I’d say he was correct. Both of the non-blue cars look like harvest gold to me . Were you thinking of the undoubtedly beige mark 2 you have shown ?
I know harvest gold very well, a popular late ADO16 colour, and the P reg mini looks like it wears this hue. The L reg however should be sandglow.
Sorry, i meant to say that the P reg one is limeflower.
So no harvest gold minis in there!
No, sorry. Limeflower is much greener than the colour of the P registered one, and the L registered one, stemming from 1972/73, is far too early for Sandglow which did not appear until 1976. Both are , still, in my view Harvest Gold
Its British Leyland beige !
The Rev. Colin Corke reckons BL beige has corrosion preventative qualities, that is why so many models have survived in this colour!
I attended a show last year which had an ADO16 1300 and MGB in beige.
Lovely. Its nice to see the standard basic models well represented, they seem to be rarer than the Coopers / Ss etc.
I love the standard un-messed-with models too. Such a pleasant change from all the ‘Coopered’ stuff.
That’s what i was thinking too.
Original minis are such a rare sight now, always happy to see such unmolested examples.
Although they don’t look the most exciting cars in the world, it was the success of the MK4 Mini in export markets that has enabled BMW to sell its new MINI all over the world. Remember that until Britain joined the EU, the Mini was not price competitive in the major European countries.

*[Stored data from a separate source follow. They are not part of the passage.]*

text \<open>The congruence presenting t_(1)(n): smallest congruence containing the
  K-Lie algebra axioms and the defining relations (indices in {1..n}).\<close>
inductive lie_eqv :: "nat \<Rightarrow> 'k::field lt \<Rightarrow> 'k lt \<Rightarrow> bool" for n :: nat where
  refl: "lie_eqv n a a"
| sym: "lie_eqv n a b \<Longrightarrow> lie_eqv n b a"
| trans: "lie_eqv n a b \<Longrightarrow> lie_eqv n b c \<Longrightarrow> lie_eqv n a c"
| cong_add: "lie_eqv n a a' \<Longrightarrow> lie_eqv n b b' \<Longrightarrow> lie_eqv n (Add a b) (Add a' b')"
| cong_smul: "lie_eqv n a a' \<Longrightarrow> lie_eqv n (Smul c a) (Smul c a')"
| cong_br: "lie_eqv n a a' \<Longrightarrow> lie_eqv n b b' \<Longrightarrow> lie_eqv n (Br a b) (Br a' b')"
| add_assoc: "lie_eqv n (Add (Add a b) c) (Add a (Add b c))"
| add_comm: "lie_eqv n (Add a b) (Add b a)"
| add_zero: "lie_eqv n (Add a Zero) a"
| add_neg: "lie_eqv n (Add a (Smul (-1) a)) Zero"
| smul_one: "lie_eqv n (Smul 1 a) a"
| smul_smul: "lie_eqv n (Smul c (Smul d a)) (Smul (c * d) a)"
| smul_add: "lie_eqv n (Smul c (Add a b)) (Add (Smul c a) (Smul c b))"
| add_smul: "lie_eqv n (Smul (c + d) a) (Add (Smul c a) (Smul d a))"
| br_add_left: "lie_eqv n (Br (Add a b) c) (Add (Br a c) (Br b c))"
| br_add_right: "lie_eqv n (Br a (Add b c)) (Add (Br a b) (Br a c))"
| br_smul_left: "lie_eqv n (Br (Smul c a) b) (Smul c (Br a b))"
| br_smul_right: "lie_eqv n (Br a (Smul c b)) (Smul c (Br a b))"
| br_alt: "lie_eqv n (Br a a) Zero"
| jacobi: "lie_eqv n (Add (Br a (Br b c)) (Add (Br b (Br c a)) (Br c (Br a b)))) Zero"
| t_central: "i \<in> {1..n} \<Longrightarrow> lie_eqv n (Br (Gen (T i i)) a) Zero"
| t_sym: "i \<in> {1..n} \<Longrightarrow> j \<in> {1..n} \<Longrightarrow> lie_eqv n (Gen (T i j)) (Gen (T j i))"
| t_comm: "{i, j, k, l} \<subseteq> {1..n} \<Longrightarrow> distinct [i, j, k, l] \<Longrightarrow>
     lie_eqv n (Br (Gen (T i j)) (Gen (T k l))) Zero"
| t_4T: "{i, j, k} \<subseteq> {1..n} \<Longrightarrow> distinct [i, j, k] \<Longrightarrow>
     lie_eqv n (Br (Add (Gen (T i k)) (Gen (T k j))) (Gen (T i j))) Zero"
| xx: "i \<in> {1..n} \<Longrightarrow> j \<in> {1..n} \<Longrightarrow> i \<noteq> j \<Longrightarrow>
     lie_eqv n (Br (Gen (X i)) (Gen (X j))) Zero"
| yy: "i \<in> {1..n} \<Longrightarrow> j \<in> {1..n} \<Longrightarrow> i \<noteq> j \<Longrightarrow>
     lie_eqv n (Br (Gen (Y i)) (Gen (Y j))) Zero"
| xy: "i \<in> {1..n} \<Longrightarrow> j \<in> {1..n} \<Longrightarrow> i \<noteq> j \<Longrightarrow>
     lie_eqv n (Br (Gen (X i)) (Gen (Y j))) (Gen (T i j))"
| xy_diag: "i \<in> {1..n} \<Longrightarrow>
     lie_eqv n (Br (Gen (X i)) (Gen (Y i)))
       (Smul (-1) (lsum (map (\<lambda>j. Gen (T i j)) (filter (\<lambda>j. j \<noteq> i) [1..<n+1]))))"

text \<open>Element of t_(1)(n) represented by a term: its equivalence class.\<close>
definition cls :: "nat \<Rightarrow> 'k::field lt \<Rightarrow> 'k lt set" where
  "cls n t = {s. lie_eqv n s t}"

fun gen_ok :: "nat \<Rightarrow> gen \<Rightarrow> bool" where
  "gen_ok n (X i) = (i \<in> {1..n})"
| "gen_ok n (Y i) = (i \<in> {1..n})"
| "gen_ok n (T i j) = (i \<in> {1..n} \<and> j \<in> {1..n})"

fun wf :: "nat \<Rightarrow> 'k lt \<Rightarrow> bool" where
  "wf n (Gen g) = gen_ok n g"
| "wf n Zero = True"
| "wf n (Add a b) = (wf n a \<and> wf n b)"
| "wf n (Smul c a) = wf n a"
| "wf n (Br a b) = (wf n a \<and> wf n b)"

text \<open>The map v \<mapsto> v^{12}, on representatives (generators of t_(1)(1)).\<close>
fun phi12 :: "'k lt \<Rightarrow> 'k lt" where
  "phi12 (Gen (X i)) = (if i = 1 then Add (Gen (X 1)) (Gen (X 2)) else Gen (X i))"
| "phi12 (Gen (Y i)) = (if i = 1 then Add (Gen (Y 1)) (Gen (Y 2)) else Gen (Y i))"
| "phi12 (Gen (T i j)) = (if i = 1 \<and> j = 1
      then Add (Add (Gen (T 1 1)) (Gen (T 2 2))) (Gen (T 1 2)) else Gen (T i j))"
| "phi12 Zero = Zero"
| "phi12 (Add a b) = Add (phi12 a) (phi12 b)"
| "phi12 (Smul c a) = Smul c (phi12 a)"
| "phi12 (Br a b) = Br (phi12 a) (phi12 b)"

definition B1 :: "('k::field lt set \<times> 'k lt set) set" where
  "B1 = {(cls 2 (Br (phi12 v) (Gen (X 1))), cls 2 (Br (phi12 v) (Gen (Y 1)))) | v. wf 1 v}"

end

theory Submission
  imports Defs "HOL.Vector_Spaces" "HOL-Library.Product_Plus"
begin

text \<open>The map \<open>v \<mapsto> v\<^sup>1\<^sup>2\<close> sends the generators \<open>x, y, t\<^sub>1\<^sub>1\<close> of \<open>t\<^sub>(\<^sub>1\<^sub>)(1)\<close> to
  \<open>x\<^sub>1 + x\<^sub>2\<close>, \<open>y\<^sub>1 + y\<^sub>2\<close> and \<open>t\<^sub>1\<^sub>1 + t\<^sub>2\<^sub>2 + t\<^sub>1\<^sub>2\<close>. These commute pairwise in \<open>t\<^sub>(\<^sub>1\<^sub>)(2)\<close>:
  \<open>t\<^sub>1\<^sub>2 = [x\<^sub>1, y\<^sub>2]\<close> commutes with \<open>x\<^sub>1 + x\<^sub>2\<close> and \<open>y\<^sub>1 + y\<^sub>2\<close> because \<open>x\<^sub>1\<close> and \<open>y\<^sub>2\<close> do.
  Hence the image of \<open>t\<^sub>(\<^sub>1\<^sub>)(1)\<close> is just their linear span. Bracketing with \<open>x\<^sub>1\<close> and
  \<open>y\<^sub>1\<close> kills the first two and sends the third to \<open>[t\<^sub>1\<^sub>2, x\<^sub>1]\<close> and \<open>[t\<^sub>1\<^sub>2, y\<^sub>1]\<close>, so
  \<open>B\<^sub>(\<^sub>1\<^sub>)\<close> is the line through \<open>V\<close>. That \<open>V \<noteq> 0\<close> is seen in a representation of
  \<open>t\<^sub>(\<^sub>1\<^sub>)(2)\<close> on the two-dimensional non-abelian Lie algebra \<open>[a, b] = b\<close>, with
  \<open>x\<^sub>i \<mapsto> \<plusminus>a\<close>, \<open>y\<^sub>i \<mapsto> \<plusminus>b\<close>, \<open>t\<^sub>1\<^sub>2 \<mapsto> -b\<close>, where \<open>[t\<^sub>1\<^sub>2, x\<^sub>1] \<mapsto> b\<close>; this works over any
  field.\<close>

declare One_nat_def [simp del]

locale lie_algebra = vector_space scale
  for scale :: "'k::field \<Rightarrow> 'a::ab_group_add \<Rightarrow> 'a" (infixr \<open>*s\<close> 75) +
  fixes bracket :: "'a \<Rightarrow> 'a \<Rightarrow> 'a"
  assumes bracket_add_left: "bracket (a + b) c = bracket a c + bracket b c"
    and bracket_add_right: "bracket a (b + c) = bracket a b + bracket a c"
    and bracket_scale_left: "bracket (r *s a) b = r *s bracket a b"
    and bracket_scale_right: "bracket a (r *s b) = r *s bracket a b"
    and bracket_self [simp]: "bracket a a = 0"
    and jacobi_identity: "bracket a (bracket b c) + (bracket b (bracket c a) + bracket c (bracket a b)) = 0"
begin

Some great examples of Mini’s here. That white C reg MK1 reminds me of my own (67 E-reg Austin Mini 850). Only kept it 10 months but was my first car and memories were mostly good. Always liked the Clubman’s too
Regarding the secret properties of “Harvest Beige”, I remember in the 80s was an astonishing number of cars in “Respray Blue” (was it Pageant?) which shouldn’t have been – Avengers, Fords, all sorts, in the days when cars would receive a blow-over once they started to look tatty.
I wonder if some skullduggery saw Longbridge ordering twice as much of the stuff as was needed, with the surplus being piped out onto the black market?
that Inca Min with the chrome trim is identical to my first, apart form the chrome wheel trims.
Great to see so many ordinary 70s/80s models in standard trim, so few survive modding, mine included!
Just in case any of you think the Aussie Clubman is modified, they came with those group 2 style wheelarches as standard.